Here, Presley manages to sound like a man on a slow burning fuse that could lead to internal or external explosion, a barely suppressed rage that dares the other to tell him she's happy enough on her own. Even the spoken interlude, something that could have been a banana skin to upend it all, becomes the sound of a confiding friend ("Honey, you lied when you said you loved me"), that makes you listen without questioning.

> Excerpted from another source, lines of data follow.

(* Under the standing setup, define $$Y^{1+}_{MOB}=\frac{\mathbb E[\min\{Y_N-\underline Y(1-X_N),\,\overline Y X_N\}]}{\mathbb E[X]},\qquad Y^{0-}_{MOB}=\frac{\mathbb E[\max\{Y_N-\overline Y X_N,\,\underline Y(1-X_N)\}]}{1-\mathbb E[X]},$$ $$Y^{1-}_{MOB}=\frac{\mathbb E[\max\{Y_N-\overline Y(1-X_N),\,\underline Y X_N\}]}{\mathbb E[X]},\qquad Y^{0+}_{MOB}=\frac{\mathbb E[\min\{Y_N-\underline Y X_N,\,\overline Y(1-X_N)\}]}{1-\mathbb E[X]}.$$ Then $Y^1\in[Y^{1-}_{MOB},Y^{1+}_{MOB}]$ and $Y^0\in[Y^{0-}_{MOB},Y^{0+}_{MOB}]$, and these bounds are sharp (absent additional information).
   Context: Let $(X,Y,N)$ be a random triple with $X\in\{0,1\}$, $Y$ real-valued, $N$ taking values in a finite set $\mathcal N$. Write $p_n=\Pr(N=n)$, $X_n=\mathbb E[X\mid N=n]$, $Y_n=\mathbb E[Y\mid N=n]$, and $X_N=\mathbb E[X\mid N]$, $Y_N=\mathbb E[Y\mid N]$; expectations of functions of $(X_N,Y_N)$ are sums over $n$ weighted by $p_n$. Assume some $n$ has $p_n>0$ and $X_n\in(0,1)$. Fix reals $\underline Y\le\overline Y$ and assume $\mathbb E[Y\mid X=x,N=n]\in[\underline Y,\overline Y]$ whenever $\Pr(X=x,N=n)>0$ (standing bound). $Y^x=\mathbb E[Y\mid X=x]$. The observed data are $(p_n,X_n,Y_n)_{n\in\mathcal N}$. Sharpness: an interval is a sharp bound for a parameter if the parameter lies in it for every joint distribution satisfying the standing assumptions, and for every value $v$ in the interval there is a joint distribution of $(X,Y,N)$ with the same observed $(p_n,X_n,Y_n)_n$, satisfying the standing bound, for which the parameter equals $v$. *)

theory Defs
  imports "HOL-Probability.Probability"
begin

definition joint_space :: "(bool \<times> real \<times> 'n) measure" where
  "joint_space = count_space UNIV \<Otimes>\<^sub>M (borel \<Otimes>\<^sub>M count_space UNIV)"

definition Xv :: "bool \<times> real \<times> 'n \<Rightarrow> bool" where "Xv w = fst w"
definition Yv :: "bool \<times> real \<times> 'n \<Rightarrow> real" where "Yv w = fst (snd w)"
definition Nv :: "bool \<times> real \<times> 'n \<Rightarrow> 'n" where "Nv w = snd (snd w)"

definition pN :: "(bool \<times> real \<times> 'n) measure \<Rightarrow> 'n \<Rightarrow> real" where
  "pN D n = measure D {w \<in> space D. Nv w = n}"

definition XN :: "(bool \<times> real \<times> 'n) measure \<Rightarrow> 'n \<Rightarrow> real" where
  "XN D n = measure D {w \<in> space D. Xv w \<and> Nv w = n} / pN D n"

definition YN :: "(bool \<times> real \<times> 'n) measure \<Rightarrow> 'n \<Rightarrow> real" where
  "YN D n = (\<integral>w. Yv w * indicator {w. Nv w = n} w \<partial>D) / pN D n"

definition pXN :: "(bool \<times> real \<times> 'n) measure \<Rightarrow> bool \<Rightarrow> 'n \<Rightarrow> real" where
  "pXN D x n = measure D {w \<in> space D. Xv w = x \<and> Nv w = n}"

definition cmean :: "(bool \<times> real \<times> 'n) measure \<Rightarrow> bool \<Rightarrow> 'n \<Rightarrow> real" where
  "cmean D x n = (\<integral>w. Yv w * indicator {w. Xv w = x \<and> Nv w = n} w \<partial>D) / pXN D x n"

definition Ypar :: "(bool \<times> real \<times> 'n) measure \<Rightarrow> bool \<Rightarrow> real" where
  "Ypar D x = (\<integral>w. Yv w * indicator {w. Xv w = x} w \<partial>D)
              / measure D {w \<in> space D. Xv w = x}"

definition joint_dist :: "real \<Rightarrow> real \<Rightarrow> (bool \<times> real \<times> 'n) measure \<Rightarrow> bool" where
  "joint_dist lo hi D \<longleftrightarrow>
     prob_space D \<and> sets D = sets joint_space \<and> integrable D Yv \<and>
     (\<forall>x n. pXN D x n > 0 \<longrightarrow> lo \<le> cmean D x n \<and> cmean D x n \<le> hi)"

definition same_obs :: "(bool \<times> real \<times> 'n) measure \<Rightarrow> (bool \<times> real \<times> 'n) measure \<Rightarrow> bool" where
  "same_obs D D' \<longleftrightarrow> (\<forall>n. pN D' n = pN D n \<and> XN D' n = XN D n \<and> YN D' n = YN D n)"

definition EN :: "(bool \<times> real \<times> 'n::finite) measure \<Rightarrow> (real \<Rightarrow> real \<Rightarrow> real) \<Rightarrow> real" where
  "EN D f = (\<Sum>n\<in>UNIV. pN D n * f (XN D n) (YN D n))"

definition EXm :: "(bool \<times> real \<times> 'n::finite) measure \<Rightarrow> real" where
  "EXm D = EN D (\<lambda>a b. a)"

Again, it's impossible not to draw attention to his innate versatility through a direct comparison between this and the mambo Italiano of 'It's Now Or Never', particularly his interpretive skill on the closing couplet where he stands up to be counted on the "Is your heart filled with pain, shall I come back again?" as a man begrudging a favour before crashing back down with the closing with the questioning "Tell me dear, are you lonesome tonight?" in a hushed whisper that's too scared to receive an answer in case it's the one he doesn't want to hear. And at the risk of shooting my arrow wide into the field of pretension, it's a coda that always reminds me of the rage and humility that closes George Herbert's poem 'The Collar':
"But as I rav’d and grew more fierce and wilde
At every word,
Me thoughts I heard one calling, Childe:
And I reply’d, My Lord".
Presley's output at this time gives the impression of a man who's lost his way with the variety of styles he adopts appearing as the scattershot of a blunderbuss. And yet despite this, at this stage they still manage to hit more targets than they miss; Presley wasn't the first or last to record this song, but in portraying the lyric of love as something akin to religious devotion he created a gem of a single that couldn't be more closely identified with him if he'd written it himself. There's an infamous live version of this where he laughs like a fool throughout before ending with "That's it, man, fourteen years right down the drain...boy, I'll tell ya." Well not quite, but it would be nine years hence (with 'In The Ghetto') before he'd produce a single as good as this again.
* "All the world's a stage, and all men and women merely players: they have their exits and their entrances; And one man in his time plays many parts." from 'As You Like It'.